-- What needs to be done --
Find and copy the lines in the records beneath this task that contain the word "longleftrightarrow".
Supplied records Start Marker
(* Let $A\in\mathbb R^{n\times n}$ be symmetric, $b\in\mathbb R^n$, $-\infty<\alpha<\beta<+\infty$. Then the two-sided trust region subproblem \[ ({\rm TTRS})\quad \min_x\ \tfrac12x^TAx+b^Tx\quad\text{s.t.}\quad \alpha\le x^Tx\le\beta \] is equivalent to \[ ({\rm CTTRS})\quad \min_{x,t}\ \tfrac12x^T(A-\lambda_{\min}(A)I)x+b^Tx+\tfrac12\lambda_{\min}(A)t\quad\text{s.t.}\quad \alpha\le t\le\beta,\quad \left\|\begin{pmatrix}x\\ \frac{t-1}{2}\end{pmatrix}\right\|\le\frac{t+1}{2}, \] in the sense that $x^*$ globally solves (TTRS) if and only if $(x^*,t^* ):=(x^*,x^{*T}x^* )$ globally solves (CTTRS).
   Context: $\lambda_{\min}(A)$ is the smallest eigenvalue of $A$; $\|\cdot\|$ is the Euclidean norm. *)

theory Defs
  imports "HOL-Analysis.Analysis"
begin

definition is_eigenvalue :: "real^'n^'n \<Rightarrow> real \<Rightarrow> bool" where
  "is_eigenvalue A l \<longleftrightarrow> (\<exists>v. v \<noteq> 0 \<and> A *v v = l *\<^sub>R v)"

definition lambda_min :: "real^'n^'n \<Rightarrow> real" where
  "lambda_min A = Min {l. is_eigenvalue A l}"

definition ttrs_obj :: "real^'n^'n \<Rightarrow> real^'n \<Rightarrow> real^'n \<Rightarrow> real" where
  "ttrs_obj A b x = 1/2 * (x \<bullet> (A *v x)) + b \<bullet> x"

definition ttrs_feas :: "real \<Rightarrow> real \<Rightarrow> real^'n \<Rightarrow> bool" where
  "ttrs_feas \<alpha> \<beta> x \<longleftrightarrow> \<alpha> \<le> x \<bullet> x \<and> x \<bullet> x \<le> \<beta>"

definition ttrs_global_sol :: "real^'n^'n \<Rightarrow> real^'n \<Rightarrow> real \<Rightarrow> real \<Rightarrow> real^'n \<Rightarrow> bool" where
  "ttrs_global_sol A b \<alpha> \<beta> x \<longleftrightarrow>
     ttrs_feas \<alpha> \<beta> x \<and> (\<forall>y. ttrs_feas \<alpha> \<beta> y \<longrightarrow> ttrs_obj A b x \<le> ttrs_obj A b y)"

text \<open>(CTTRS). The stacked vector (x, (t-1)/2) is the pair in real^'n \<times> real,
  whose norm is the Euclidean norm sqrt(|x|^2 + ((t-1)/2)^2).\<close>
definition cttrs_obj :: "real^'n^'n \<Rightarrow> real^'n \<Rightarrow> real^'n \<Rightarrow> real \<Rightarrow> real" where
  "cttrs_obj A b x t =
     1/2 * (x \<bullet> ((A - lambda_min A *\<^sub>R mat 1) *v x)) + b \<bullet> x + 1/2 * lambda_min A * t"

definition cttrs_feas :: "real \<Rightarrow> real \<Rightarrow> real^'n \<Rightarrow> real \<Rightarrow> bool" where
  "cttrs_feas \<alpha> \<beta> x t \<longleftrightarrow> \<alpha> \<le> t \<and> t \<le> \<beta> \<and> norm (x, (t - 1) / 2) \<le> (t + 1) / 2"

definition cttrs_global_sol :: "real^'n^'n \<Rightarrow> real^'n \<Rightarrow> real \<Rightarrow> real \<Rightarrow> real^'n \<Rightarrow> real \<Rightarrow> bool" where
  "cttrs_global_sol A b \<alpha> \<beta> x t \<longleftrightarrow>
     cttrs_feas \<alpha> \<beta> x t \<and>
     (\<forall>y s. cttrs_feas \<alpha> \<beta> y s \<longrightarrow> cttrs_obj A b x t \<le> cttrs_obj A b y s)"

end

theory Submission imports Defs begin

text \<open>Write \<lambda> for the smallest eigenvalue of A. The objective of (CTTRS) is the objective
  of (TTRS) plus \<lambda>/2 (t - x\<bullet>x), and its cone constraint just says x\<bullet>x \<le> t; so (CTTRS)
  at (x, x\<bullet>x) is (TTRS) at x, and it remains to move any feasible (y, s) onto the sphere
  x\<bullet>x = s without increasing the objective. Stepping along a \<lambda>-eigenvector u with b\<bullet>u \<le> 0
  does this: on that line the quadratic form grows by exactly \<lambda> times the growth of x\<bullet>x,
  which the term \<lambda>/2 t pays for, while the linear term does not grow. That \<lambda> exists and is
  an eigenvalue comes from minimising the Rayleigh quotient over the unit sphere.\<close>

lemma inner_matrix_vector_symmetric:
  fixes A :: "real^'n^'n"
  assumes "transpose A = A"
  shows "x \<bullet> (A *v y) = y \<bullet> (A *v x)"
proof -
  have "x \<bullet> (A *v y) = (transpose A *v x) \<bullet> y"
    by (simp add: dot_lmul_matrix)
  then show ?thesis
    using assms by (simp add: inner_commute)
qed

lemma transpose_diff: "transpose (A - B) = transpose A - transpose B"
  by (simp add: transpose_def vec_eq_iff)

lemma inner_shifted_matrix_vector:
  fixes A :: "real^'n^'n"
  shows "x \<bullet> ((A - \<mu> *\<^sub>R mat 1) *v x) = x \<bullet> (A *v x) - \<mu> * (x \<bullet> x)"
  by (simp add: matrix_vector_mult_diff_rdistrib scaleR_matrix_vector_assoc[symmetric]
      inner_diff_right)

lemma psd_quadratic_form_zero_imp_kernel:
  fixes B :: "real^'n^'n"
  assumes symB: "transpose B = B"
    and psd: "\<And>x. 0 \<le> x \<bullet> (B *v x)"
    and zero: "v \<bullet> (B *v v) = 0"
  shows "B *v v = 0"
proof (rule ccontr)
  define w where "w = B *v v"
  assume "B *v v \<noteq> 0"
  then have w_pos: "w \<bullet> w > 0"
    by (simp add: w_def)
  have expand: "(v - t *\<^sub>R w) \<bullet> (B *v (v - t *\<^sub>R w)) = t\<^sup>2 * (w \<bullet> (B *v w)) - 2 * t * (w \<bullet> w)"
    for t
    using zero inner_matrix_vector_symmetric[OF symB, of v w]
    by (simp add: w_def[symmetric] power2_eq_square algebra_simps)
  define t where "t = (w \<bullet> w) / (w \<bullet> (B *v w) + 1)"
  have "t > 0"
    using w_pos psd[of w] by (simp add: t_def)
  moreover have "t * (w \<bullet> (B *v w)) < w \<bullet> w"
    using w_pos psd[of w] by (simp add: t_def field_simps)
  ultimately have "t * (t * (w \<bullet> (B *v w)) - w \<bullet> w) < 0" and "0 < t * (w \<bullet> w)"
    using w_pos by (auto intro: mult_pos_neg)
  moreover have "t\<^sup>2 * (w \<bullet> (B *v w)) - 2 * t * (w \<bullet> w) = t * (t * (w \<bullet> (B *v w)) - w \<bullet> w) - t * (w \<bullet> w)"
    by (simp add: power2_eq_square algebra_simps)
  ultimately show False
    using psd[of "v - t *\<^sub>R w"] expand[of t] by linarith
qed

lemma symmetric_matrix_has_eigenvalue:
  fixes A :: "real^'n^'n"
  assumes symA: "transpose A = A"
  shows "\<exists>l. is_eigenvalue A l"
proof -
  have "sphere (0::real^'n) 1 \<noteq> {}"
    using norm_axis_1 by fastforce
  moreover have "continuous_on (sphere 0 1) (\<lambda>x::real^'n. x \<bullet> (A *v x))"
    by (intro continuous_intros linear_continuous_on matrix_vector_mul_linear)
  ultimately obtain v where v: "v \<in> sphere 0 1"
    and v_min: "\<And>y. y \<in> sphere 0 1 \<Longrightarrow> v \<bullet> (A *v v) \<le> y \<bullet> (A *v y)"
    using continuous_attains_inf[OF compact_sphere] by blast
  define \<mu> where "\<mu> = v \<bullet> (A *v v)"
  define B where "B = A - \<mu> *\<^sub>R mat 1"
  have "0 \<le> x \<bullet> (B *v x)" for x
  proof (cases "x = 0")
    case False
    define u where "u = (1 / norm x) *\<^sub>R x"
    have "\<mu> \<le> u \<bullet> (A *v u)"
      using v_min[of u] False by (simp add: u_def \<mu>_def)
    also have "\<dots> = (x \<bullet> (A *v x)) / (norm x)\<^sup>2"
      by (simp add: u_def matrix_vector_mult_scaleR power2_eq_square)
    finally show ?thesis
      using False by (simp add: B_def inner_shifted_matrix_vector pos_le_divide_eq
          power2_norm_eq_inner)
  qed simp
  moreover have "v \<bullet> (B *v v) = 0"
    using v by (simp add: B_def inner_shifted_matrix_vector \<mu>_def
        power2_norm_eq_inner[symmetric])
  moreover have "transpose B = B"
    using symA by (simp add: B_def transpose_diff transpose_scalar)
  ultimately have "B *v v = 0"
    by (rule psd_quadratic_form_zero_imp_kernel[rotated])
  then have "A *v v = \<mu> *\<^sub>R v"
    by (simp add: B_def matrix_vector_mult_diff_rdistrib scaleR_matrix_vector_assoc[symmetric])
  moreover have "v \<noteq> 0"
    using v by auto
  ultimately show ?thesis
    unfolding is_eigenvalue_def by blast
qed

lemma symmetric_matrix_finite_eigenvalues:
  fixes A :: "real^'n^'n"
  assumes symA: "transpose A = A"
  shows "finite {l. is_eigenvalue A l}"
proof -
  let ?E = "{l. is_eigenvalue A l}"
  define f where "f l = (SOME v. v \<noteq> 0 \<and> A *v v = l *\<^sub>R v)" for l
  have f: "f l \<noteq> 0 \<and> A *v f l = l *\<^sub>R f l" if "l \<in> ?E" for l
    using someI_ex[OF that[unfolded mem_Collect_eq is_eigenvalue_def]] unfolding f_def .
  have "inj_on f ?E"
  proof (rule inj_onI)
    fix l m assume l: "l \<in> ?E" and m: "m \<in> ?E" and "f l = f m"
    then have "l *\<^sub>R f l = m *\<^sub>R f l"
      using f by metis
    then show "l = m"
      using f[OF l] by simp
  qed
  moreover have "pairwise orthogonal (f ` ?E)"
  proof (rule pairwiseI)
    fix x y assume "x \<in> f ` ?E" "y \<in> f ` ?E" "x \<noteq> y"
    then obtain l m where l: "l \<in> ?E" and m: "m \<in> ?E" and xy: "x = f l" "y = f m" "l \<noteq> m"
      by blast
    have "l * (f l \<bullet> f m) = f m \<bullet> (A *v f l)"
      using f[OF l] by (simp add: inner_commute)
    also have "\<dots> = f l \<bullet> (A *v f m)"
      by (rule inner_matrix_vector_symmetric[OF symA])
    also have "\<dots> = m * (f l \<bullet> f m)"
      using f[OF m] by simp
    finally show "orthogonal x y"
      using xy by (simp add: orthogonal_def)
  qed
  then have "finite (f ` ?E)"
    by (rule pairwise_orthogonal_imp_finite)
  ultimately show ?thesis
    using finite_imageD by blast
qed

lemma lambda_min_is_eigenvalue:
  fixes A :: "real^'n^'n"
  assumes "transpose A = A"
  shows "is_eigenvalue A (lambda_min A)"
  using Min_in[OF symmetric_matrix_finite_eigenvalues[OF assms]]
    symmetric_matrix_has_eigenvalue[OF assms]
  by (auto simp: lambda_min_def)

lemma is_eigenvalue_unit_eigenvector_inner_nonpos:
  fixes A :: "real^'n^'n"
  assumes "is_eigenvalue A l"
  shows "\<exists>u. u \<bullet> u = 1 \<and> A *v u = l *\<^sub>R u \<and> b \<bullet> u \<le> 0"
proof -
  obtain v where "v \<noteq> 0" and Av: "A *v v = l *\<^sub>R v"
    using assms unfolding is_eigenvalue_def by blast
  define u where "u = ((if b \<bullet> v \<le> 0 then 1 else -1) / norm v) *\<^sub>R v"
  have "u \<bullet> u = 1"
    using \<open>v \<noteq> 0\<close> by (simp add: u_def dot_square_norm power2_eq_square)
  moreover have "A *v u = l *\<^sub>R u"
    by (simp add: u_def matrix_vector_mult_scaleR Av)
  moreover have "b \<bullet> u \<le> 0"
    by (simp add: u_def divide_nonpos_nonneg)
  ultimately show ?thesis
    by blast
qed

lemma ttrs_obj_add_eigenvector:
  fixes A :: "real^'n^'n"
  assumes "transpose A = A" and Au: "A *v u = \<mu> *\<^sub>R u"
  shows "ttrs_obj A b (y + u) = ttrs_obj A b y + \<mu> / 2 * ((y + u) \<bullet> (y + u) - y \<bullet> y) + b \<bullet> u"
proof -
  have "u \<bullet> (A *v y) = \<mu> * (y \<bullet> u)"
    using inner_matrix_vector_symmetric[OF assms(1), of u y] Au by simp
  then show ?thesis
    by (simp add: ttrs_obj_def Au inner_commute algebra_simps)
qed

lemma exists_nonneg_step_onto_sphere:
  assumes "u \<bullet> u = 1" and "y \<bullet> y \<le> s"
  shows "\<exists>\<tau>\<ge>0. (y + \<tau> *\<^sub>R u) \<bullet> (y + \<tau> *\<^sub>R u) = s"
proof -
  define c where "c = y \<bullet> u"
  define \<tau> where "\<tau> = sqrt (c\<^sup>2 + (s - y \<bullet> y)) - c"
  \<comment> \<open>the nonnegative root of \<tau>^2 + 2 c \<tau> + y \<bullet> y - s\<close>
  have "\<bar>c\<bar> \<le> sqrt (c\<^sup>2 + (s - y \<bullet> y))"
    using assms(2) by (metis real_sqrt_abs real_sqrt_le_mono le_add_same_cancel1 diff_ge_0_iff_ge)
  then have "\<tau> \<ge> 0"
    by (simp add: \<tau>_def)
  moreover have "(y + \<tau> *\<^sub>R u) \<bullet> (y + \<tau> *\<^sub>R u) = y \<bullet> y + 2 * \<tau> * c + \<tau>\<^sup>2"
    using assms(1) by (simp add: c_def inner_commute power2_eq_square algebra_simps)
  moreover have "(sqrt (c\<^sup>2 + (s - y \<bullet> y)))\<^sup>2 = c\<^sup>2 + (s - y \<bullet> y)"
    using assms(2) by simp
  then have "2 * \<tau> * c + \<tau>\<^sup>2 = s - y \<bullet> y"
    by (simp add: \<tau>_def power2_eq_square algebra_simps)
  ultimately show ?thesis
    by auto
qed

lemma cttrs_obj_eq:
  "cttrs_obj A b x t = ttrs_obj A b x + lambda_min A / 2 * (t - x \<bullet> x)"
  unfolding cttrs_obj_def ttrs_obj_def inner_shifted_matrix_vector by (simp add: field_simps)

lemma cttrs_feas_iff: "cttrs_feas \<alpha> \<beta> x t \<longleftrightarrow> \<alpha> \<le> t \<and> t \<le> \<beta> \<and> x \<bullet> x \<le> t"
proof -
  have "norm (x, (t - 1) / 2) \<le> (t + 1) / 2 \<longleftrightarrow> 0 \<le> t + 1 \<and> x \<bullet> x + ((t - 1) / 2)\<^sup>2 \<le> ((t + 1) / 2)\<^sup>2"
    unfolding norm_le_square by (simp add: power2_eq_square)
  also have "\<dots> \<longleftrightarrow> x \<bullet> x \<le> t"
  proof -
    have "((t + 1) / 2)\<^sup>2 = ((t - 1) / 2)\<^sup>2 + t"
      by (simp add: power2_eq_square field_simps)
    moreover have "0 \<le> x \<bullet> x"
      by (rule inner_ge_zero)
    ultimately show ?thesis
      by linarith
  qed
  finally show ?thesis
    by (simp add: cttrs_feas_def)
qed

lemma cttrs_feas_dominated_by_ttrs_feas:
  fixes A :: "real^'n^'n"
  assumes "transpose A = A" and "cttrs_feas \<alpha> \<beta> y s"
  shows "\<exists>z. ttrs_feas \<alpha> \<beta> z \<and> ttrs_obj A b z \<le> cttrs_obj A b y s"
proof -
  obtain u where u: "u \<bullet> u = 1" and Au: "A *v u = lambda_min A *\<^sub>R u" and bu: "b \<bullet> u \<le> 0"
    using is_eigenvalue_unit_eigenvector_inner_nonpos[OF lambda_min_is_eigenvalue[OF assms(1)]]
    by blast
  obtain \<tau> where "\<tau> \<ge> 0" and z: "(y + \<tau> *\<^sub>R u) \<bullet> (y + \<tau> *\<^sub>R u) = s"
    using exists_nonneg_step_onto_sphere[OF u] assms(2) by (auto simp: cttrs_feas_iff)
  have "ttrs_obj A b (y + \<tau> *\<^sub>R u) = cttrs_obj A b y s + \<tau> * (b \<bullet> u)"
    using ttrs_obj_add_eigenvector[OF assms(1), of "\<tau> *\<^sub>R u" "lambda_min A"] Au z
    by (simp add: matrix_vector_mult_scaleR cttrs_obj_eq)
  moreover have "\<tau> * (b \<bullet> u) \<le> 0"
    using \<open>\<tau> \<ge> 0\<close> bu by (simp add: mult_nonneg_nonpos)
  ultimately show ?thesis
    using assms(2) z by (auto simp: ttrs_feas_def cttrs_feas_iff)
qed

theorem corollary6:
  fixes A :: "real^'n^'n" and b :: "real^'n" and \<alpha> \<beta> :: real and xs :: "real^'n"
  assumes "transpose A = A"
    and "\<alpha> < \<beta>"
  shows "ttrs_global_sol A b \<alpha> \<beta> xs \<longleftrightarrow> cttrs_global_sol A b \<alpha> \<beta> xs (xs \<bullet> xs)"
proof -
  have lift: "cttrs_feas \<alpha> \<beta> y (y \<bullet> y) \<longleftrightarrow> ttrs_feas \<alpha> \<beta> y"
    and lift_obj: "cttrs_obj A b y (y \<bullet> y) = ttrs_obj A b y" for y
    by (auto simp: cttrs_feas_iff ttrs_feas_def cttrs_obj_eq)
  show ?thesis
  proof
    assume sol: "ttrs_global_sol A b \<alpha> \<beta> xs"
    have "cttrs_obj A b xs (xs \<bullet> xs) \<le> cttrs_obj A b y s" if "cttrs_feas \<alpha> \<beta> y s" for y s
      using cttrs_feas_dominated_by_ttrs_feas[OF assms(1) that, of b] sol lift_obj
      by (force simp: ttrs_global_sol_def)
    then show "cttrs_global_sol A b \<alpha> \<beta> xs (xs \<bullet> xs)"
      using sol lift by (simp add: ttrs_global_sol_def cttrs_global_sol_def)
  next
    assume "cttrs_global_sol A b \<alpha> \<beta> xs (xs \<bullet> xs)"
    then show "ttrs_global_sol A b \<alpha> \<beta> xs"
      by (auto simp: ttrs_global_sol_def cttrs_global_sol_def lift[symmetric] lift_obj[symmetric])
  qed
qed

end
Supplied records End Marker
-- Answer to the exercise --
  "is_eigenvalue A l \<longleftrightarrow> (\<exists>v. v \<noteq> 0 \<and> A *v v = l *\<^sub>R v)"
  "ttrs_feas \<alpha> \<beta> x \<longleftrightarrow> \<alpha> \<le> x \<bullet> x \<and> x \<bullet> x \<le> \<beta>"
  "ttrs_global_sol A b \<alpha> \<beta> x \<longleftrightarrow>
  "cttrs_feas \<alpha> \<beta> x t \<longleftrightarrow> \<alpha> \<le> t \<and> t \<le> \<beta> \<and> norm (x, (t - 1) / 2) \<le> (t + 1) / 2"
  "cttrs_global_sol A b \<alpha> \<beta> x t \<longleftrightarrow>
lemma cttrs_feas_iff: "cttrs_feas \<alpha> \<beta> x t \<longleftrightarrow> \<alpha> \<le> t \<and> t \<le> \<beta> \<and> x \<bullet> x \<le> t"
  have "norm (x, (t - 1) / 2) \<le> (t + 1) / 2 \<longleftrightarrow> 0 \<le> t + 1 \<and> x \<bullet> x + ((t - 1) / 2)\<^sup>2 \<le> ((t + 1) / 2)\<^sup>2"
  also have "\<dots> \<longleftrightarrow> x \<bullet> x \<le> t"
  shows "ttrs_global_sol A b \<alpha> \<beta> xs \<longleftrightarrow> cttrs_global_sol A b \<alpha> \<beta> xs (xs \<bullet> xs)"
  have lift: "cttrs_feas \<alpha> \<beta> y (y \<bullet> y) \<longleftrightarrow> ttrs_feas \<alpha> \<beta> y"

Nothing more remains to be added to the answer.